PROBLEM TO WORK ON:
Retype all the data word for word.

MATERIAL TO PROCESS:
lemma pair_kept_or_swapped_step:
  fixes a b :: "nat \<Rightarrow> nat"
  assumes mono: "\<forall>i < N. a i \<le> a (Suc i)" and strict_b: "strict2 N b" and k: "2 * k + 1 \<le> N"
    and eq: "image_mset b (mset_set {2 * k..N}) = image_mset a (mset_set {2 * k..N})"
    and eq_ring: "image_mset (ring b) (mset_set {2 * k..N}) = image_mset (ring a) (mset_set {2 * k..N})"
  shows "(b (2 * k) = a (2 * k) \<and> b (2 * k + 1) = a (2 * k + 1)
        \<or> b (2 * k) = a (2 * k + 1) \<and> b (2 * k + 1) = a (2 * k))
    \<and> image_mset b (mset_set {2 * k + 2..N}) = image_mset a (mset_set {2 * k + 2..N})
    \<and> image_mset (ring b) (mset_set {2 * k + 2..N}) = image_mset (ring a) (mset_set {2 * k + 2..N})"
proof -
  define A where "A = {2 * k..N}"
  have A: "finite A" "2 * k \<in> A" "2 * k + 1 \<in> A" using k by (auto simp: A_def)
  have lower_bound: "a m \<le> v" if "v \<in># image_mset a (mset_set {m..N})" for m v
    using that mono_upto[OF mono] by auto
  text \<open>The smallest value a(2k) can only sit at position 2k or 2k+1 of b, since b is
    strictly increasing along each parity class.\<close>
  have eqA: "image_mset b (mset_set A) = image_mset a (mset_set A)" using eq by (simp add: A_def)
  have "a (2 * k) \<in># image_mset b (mset_set A)" unfolding eqA using A by simp
  then obtain p where p: "p \<in> A" "b p = a (2 * k)" using A(1) by auto
  have p_pair: "p = 2 * k \<or> p = 2 * k + 1"
  proof (rule ccontr)
    assume "\<not> ?thesis"
    then have "2 * k + 2 \<le> p" "p \<le> N" using p by (auto simp: A_def)
    then have "b (p - 2) < b p" using strict_b unfolding strict2_def
      by (metis add.commute le_add_diff_inverse2 add_leD2)
    moreover have "p - 2 \<in> A" using \<open>2 * k + 2 \<le> p\<close> \<open>p \<le> N\<close> by (auto simp: A_def)
    then have "b (p - 2) \<in># image_mset a (mset_set A)" unfolding eqA[symmetric] using A(1) by simp
    ultimately show False using p lower_bound unfolding A_def by fastforce
  qed
  define p' where "p' = (if p = 2 * k then 2 * k + 1 else 2 * k)"
  have A_rest: "A - {p} - {p'} = {2 * k + 2..N}" "A - {2 * k} - {2 * k + 1} = {2 * k + 2..N}"
    using p_pair by (auto simp: A_def p'_def)
  have p': "p' \<in> A - {p}" using A p_pair by (auto simp: p'_def)
  have eq1: "image_mset b (mset_set (A - {p})) = image_mset a (mset_set (A - {2 * k}))"
    using image_mset_mset_set_remove[OF A(1) A(1) p(1) A(2) p(2) eqA] .
  have ring_p: "ring b p = ring a (2 * k)"
    using p p_pair by (auto simp: ring_def)
  have eq2: "image_mset (ring b) (mset_set (A - {p})) = image_mset (ring a) (mset_set (A - {2 * k}))"
    using image_mset_mset_set_remove[of A A p "2 * k" "ring b" "ring a"] A p ring_p eq_ring
    by (simp add: A_def)
  text \<open>Next, a(2k+1) + k is attained by ring b on A - {p}, which forces b p' = a(2k+1).\<close>
  have "ring a (2 * k + 1) \<in># image_mset (ring b) (mset_set (A - {p}))"
    unfolding eq2 using A by simp
  then have "ring a (2 * k + 1) \<in> ring b ` (A - {p})" using A(1) by simp
  then obtain q where q: "q \<in> A - {p}" "ring b q = ring a (2 * k + 1)" by (metis imageE)
  have "q = p'"
  proof (rule ccontr)
    assume "q \<noteq> p'"
    then have "2 * k + 2 \<le> q" using q p_pair by (auto simp: A_def p'_def)
    then have "b q < a (2 * k + 1)" using q by (auto simp: ring_def)
    moreover have "b q \<in># image_mset a (mset_set (A - {2 * k}))"
      unfolding eq1[symmetric] using q A(1) by simp
    moreover have "A - {2 * k} = {2 * k + 1..N}" by (auto simp: A_def)
    ultimately show False using lower_bound by fastforce
  qed
  then have bp': "b p' = a (2 * k + 1)" using q by (simp add: ring_def p'_def split: if_splits)
  have "image_mset b (mset_set (A - {p} - {p'})) = image_mset a (mset_set (A - {2 * k} - {2 * k + 1}))"
    using image_mset_mset_set_remove[OF _ _ _ _ _ eq1] p' A bp' by simp
  moreover have "image_mset (ring b) (mset_set (A - {p} - {p'}))
      = image_mset (ring a) (mset_set (A - {2 * k} - {2 * k + 1}))"
    using image_mset_mset_set_remove[OF _ _ _ _ _ eq2] p' A bp' p_pair by (simp add: ring_def p'_def)
  moreover have "b (2 * k) = a (2 * k) \<and> b (2 * k + 1) = a (2 * k + 1)
      \<or> b (2 * k) = a (2 * k + 1) \<and> b (2 * k + 1) = a (2 * k)"
    using p_pair p bp' by (auto simp: p'_def)
  ultimately show ?thesis using A_rest by simp
qed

EXPECTED ANSWER:
lemma pair_kept_or_swapped_step:
  fixes a b :: "nat \<Rightarrow> nat"
  assumes mono: "\<forall>i < N. a i \<le> a (Suc i)" and strict_b: "strict2 N b" and k: "2 * k + 1 \<le> N"
    and eq: "image_mset b (mset_set {2 * k..N}) = image_mset a (mset_set {2 * k..N})"
    and eq_ring: "image_mset (ring b) (mset_set {2 * k..N}) = image_mset (ring a) (mset_set {2 * k..N})"
  shows "(b (2 * k) = a (2 * k) \<and> b (2 * k + 1) = a (2 * k + 1)
        \<or> b (2 * k) = a (2 * k + 1) \<and> b (2 * k + 1) = a (2 * k))
    \<and> image_mset b (mset_set {2 * k + 2..N}) = image_mset a (mset_set {2 * k + 2..N})
    \<and> image_mset (ring b) (mset_set {2 * k + 2..N}) = image_mset (ring a) (mset_set {2 * k + 2..N})"
proof -
  define A where "A = {2 * k..N}"
  have A: "finite A" "2 * k \<in> A" "2 * k + 1 \<in> A" using k by (auto simp: A_def)
  have lower_bound: "a m \<le> v" if "v \<in># image_mset a (mset_set {m..N})" for m v
    using that mono_upto[OF mono] by auto
  text \<open>The smallest value a(2k) can only sit at position 2k or 2k+1 of b, since b is
    strictly increasing along each parity class.\<close>
  have eqA: "image_mset b (mset_set A) = image_mset a (mset_set A)" using eq by (simp add: A_def)
  have "a (2 * k) \<in># image_mset b (mset_set A)" unfolding eqA using A by simp
  then obtain p where p: "p \<in> A" "b p = a (2 * k)" using A(1) by auto
  have p_pair: "p = 2 * k \<or> p = 2 * k + 1"
  proof (rule ccontr)
    assume "\<not> ?thesis"
    then have "2 * k + 2 \<le> p" "p \<le> N" using p by (auto simp: A_def)
    then have "b (p - 2) < b p" using strict_b unfolding strict2_def
      by (metis add.commute le_add_diff_inverse2 add_leD2)
    moreover have "p - 2 \<in> A" using \<open>2 * k + 2 \<le> p\<close> \<open>p \<le> N\<close> by (auto simp: A_def)
    then have "b (p - 2) \<in># image_mset a (mset_set A)" unfolding eqA[symmetric] using A(1) by simp
    ultimately show False using p lower_bound unfolding A_def by fastforce
  qed
  define p' where "p' = (if p = 2 * k then 2 * k + 1 else 2 * k)"
  have A_rest: "A - {p} - {p'} = {2 * k + 2..N}" "A - {2 * k} - {2 * k + 1} = {2 * k + 2..N}"
    using p_pair by (auto simp: A_def p'_def)
  have p': "p' \<in> A - {p}" using A p_pair by (auto simp: p'_def)
  have eq1: "image_mset b (mset_set (A - {p})) = image_mset a (mset_set (A - {2 * k}))"
    using image_mset_mset_set_remove[OF A(1) A(1) p(1) A(2) p(2) eqA] .
  have ring_p: "ring b p = ring a (2 * k)"
    using p p_pair by (auto simp: ring_def)
  have eq2: "image_mset (ring b) (mset_set (A - {p})) = image_mset (ring a) (mset_set (A - {2 * k}))"
    using image_mset_mset_set_remove[of A A p "2 * k" "ring b" "ring a"] A p ring_p eq_ring
    by (simp add: A_def)
  text \<open>Next, a(2k+1) + k is attained by ring b on A - {p}, which forces b p' = a(2k+1).\<close>
  have "ring a (2 * k + 1) \<in># image_mset (ring b) (mset_set (A - {p}))"
    unfolding eq2 using A by simp
  then have "ring a (2 * k + 1) \<in> ring b ` (A - {p})" using A(1) by simp
  then obtain q where q: "q \<in> A - {p}" "ring b q = ring a (2 * k + 1)" by (metis imageE)
  have "q = p'"
  proof (rule ccontr)
    assume "q \<noteq> p'"
    then have "2 * k + 2 \<le> q" using q p_pair by (auto simp: A_def p'_def)
    then have "b q < a (2 * k + 1)" using q by (auto simp: ring_def)
    moreover have "b q \<in># image_mset a (mset_set (A - {2 * k}))"
      unfolding eq1[symmetric] using q A(1) by simp
    moreover have "A - {2 * k} = {2 * k + 1..N}" by (auto simp: A_def)
    ultimately show False using lower_bound by fastforce
  qed
  then have bp': "b p' = a (2 * k + 1)" using q by (simp add: ring_def p'_def split: if_splits)
  have "image_mset b (mset_set (A - {p} - {p'})) = image_mset a (mset_set (A - {2 * k} - {2 * k + 1}))"
    using image_mset_mset_set_remove[OF _ _ _ _ _ eq1] p' A bp' by simp
  moreover have "image_mset (ring b) (mset_set (A - {p} - {p'}))
      = image_mset (ring a) (mset_set (A - {2 * k} - {2 * k + 1}))"
    using image_mset_mset_set_remove[OF _ _ _ _ _ eq2] p' A bp' p_pair by (simp add: ring_def p'_def)
  moreover have "b (2 * k) = a (2 * k) \<and> b (2 * k + 1) = a (2 * k + 1)
      \<or> b (2 * k) = a (2 * k + 1) \<and> b (2 * k + 1) = a (2 * k)"
    using p_pair p bp' by (auto simp: p'_def)
  ultimately show ?thesis using A_rest by simp
qed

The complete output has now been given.